Using your current hardware, I'd hook the 25" montior to the 17" desktop, and use the cheap laptop for facebook and other silly business.

I'd put a watchlist and may be 9 small charts on the external monitor. That's your heads up display.

The 17" laptop screen is your actual work place, where you enter orders, draw lines etc on a larger chart.

You then need actual audible alerts on price levels... it's just too hard to look at charts alone.



CanOz said:


> Squeezed in a little photo of my beloved study as well.




Sweet


----------



## billyboy402 (10 July 2013)

thanks for the fast reply 



billyboy402 said:


> i am looking for some software to help look at chart quickly on a 2nd monitor which change every minute
> or change with large movement :1zhelp:






sorry , i meant that i didn't want to set up more monitor like the first photo 
rather some thing  that i can use with the 1 monitor i currently have



would be great if it change automatic either a screen saver / slide show type of thing 

i was going to change each chart background to color flag - and chart with open position i would change to bright yellow .

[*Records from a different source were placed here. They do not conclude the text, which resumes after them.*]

(* Let $A\in\mathbb R^{n\times n}$ be tridiagonal, $n\ge2$, let $Q\in\mathbb R^{2n\times 2n}$ be the orthogonal matrix produced by Algorithm 1 (described in the context) applied to $A$, and set $Q_1=Q(1{:}n,1{:}n)$, $Q_2=Q(n{+}1{:}2n,1{:}n)$. Then for every $1\le k<n$, both $(Q_1Q_2^{T})(1{:}k,\,k{+}1{:}n)$ and $(Q_1Q_2^{T})(k{+}1{:}n,\,1{:}k)$ have rank at most $2$.
   Context: A Givens rotation on rows $p\ne q$ is an orthogonal matrix $G\in\mathbb R^{2n\times 2n}$ equal to the identity except in the entries $(p,p),(p,q),(q,p),(q,q)$, which form a $2\times2$ rotation $\begin{bmatrix}c&s\\-s&c\end{bmatrix}$, $c^2+s^2=1$. "Rotate rows $p,q$ to annihilate $R(q,j)$" means: choose such a $G$ for which $(G^{T}R)(q,j)=0$ and then update $R\leftarrow G^{T}R$, $Q\leftarrow QG$. Algorithm 1: Initialize $Q=I_{2n}$ and $R=\begin{bmatrix}A\\ I_n\end{bmatrix}\in\mathbb R^{2n\times n}$. First rotate rows $1,n+1$ to annihilate $R(n+1,1)$; then rotate rows $1,2$ to annihilate $R(2,1)$. Then for $i=2,\dots,n$: (a) rotate rows $n+1,n+i$ to annihilate $R(n+i,i)$; (b) rotate rows $i,n+1$ to annihilate $R(n+1,i)$; (c) if $i<n$, rotate rows $i,i+1$ to annihilate $R(i+1,i)$. On output $QR=\begin{bmatrix}A\\ I\end{bmatrix}$ with $R$ upper triangular. Notation $M(a{:}b,c{:}d)$ denotes the submatrix with rows $a,\dots,b$ and columns $c,\dots,d$. *)

theory Defs
  imports "Jordan_Normal_Form.DL_Rank_Submatrix"
begin

text \<open>All matrices are Jordan_Normal_Form matrices with 0-based indices.
  A paper index p (1-based) corresponds to index p - 1 here.\<close>

definition tridiagonal :: "real mat \<Rightarrow> bool" where
  "tridiagonal A \<longleftrightarrow> (\<forall>i<dim_row A. \<forall>j<dim_col A. (i > j + 1 \<or> j > i + 1) \<longrightarrow> A $$ (i, j) = 0)"

definition givens :: "nat \<Rightarrow> nat \<Rightarrow> nat \<Rightarrow> real \<Rightarrow> real \<Rightarrow> real mat" where
  "givens m p q c s = mat m m (\<lambda>(i, j).
      if i = p \<and> j = p then c
      else if i = p \<and> j = q then s
      else if i = q \<and> j = p then - s
      else if i = q \<and> j = q then c
      else if i = j then 1 else 0)"

definition givens_step ::
  "nat \<Rightarrow> nat \<times> nat \<times> nat \<Rightarrow> real mat \<times> real mat \<Rightarrow> real mat \<times> real mat \<Rightarrow> bool" where
  "givens_step m st QR QR' \<longleftrightarrow> (case st of (p, q, j) \<Rightarrow>
     (\<exists>c s. c\<^sup>2 + s\<^sup>2 = 1 \<and>
        (let G = givens m p q c s in
           (transpose_mat G * snd QR) $$ (q, j) = 0 \<and>
           QR' = (fst QR * G, transpose_mat G * snd QR))))"

fun givens_run ::
  "nat \<Rightarrow> (nat \<times> nat \<times> nat) list \<Rightarrow> real mat \<times> real mat \<Rightarrow> real mat \<times> real mat \<Rightarrow> bool" where
  "givens_run m [] QR QR' \<longleftrightarrow> QR' = QR"
| "givens_run m (st # sts) QR QR' \<longleftrightarrow> (\<exists>QR1. givens_step m st QR QR1 \<and> givens_run m sts QR1 QR')"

so while i am eg ( facebook) in the corner of my eye i see a yellow chart pop up and see a huge RED candle  


example below 

shorting AUD/nzd
it almost hit my take profit , then develop a doji candle  which i would of taken profit on the next candle 
but i miss it after a few phone calls and email


----------



## billyboy402 (21 July 2013)

Any updates guys 

any ideas


----------



## boofis (21 July 2013)

billyboy402 said:


> Any updates guys
> 
> any ideas




Why not just fork out $30 for a used monitor if you're that desperate? It's hardly even close to an expense given you're already supposedly leaving money on the table that would have otherwise been yours. Or just focus solely on trading when you're actually trading? 
Good luck!


----------



## billyboy402 (29 July 2013)

the idea  is not to add more monitor 

but to use 1 monitor that changes like a screen saver 


best thing i can fine  is  watching TV and watching the hourly reports on CNBC


----------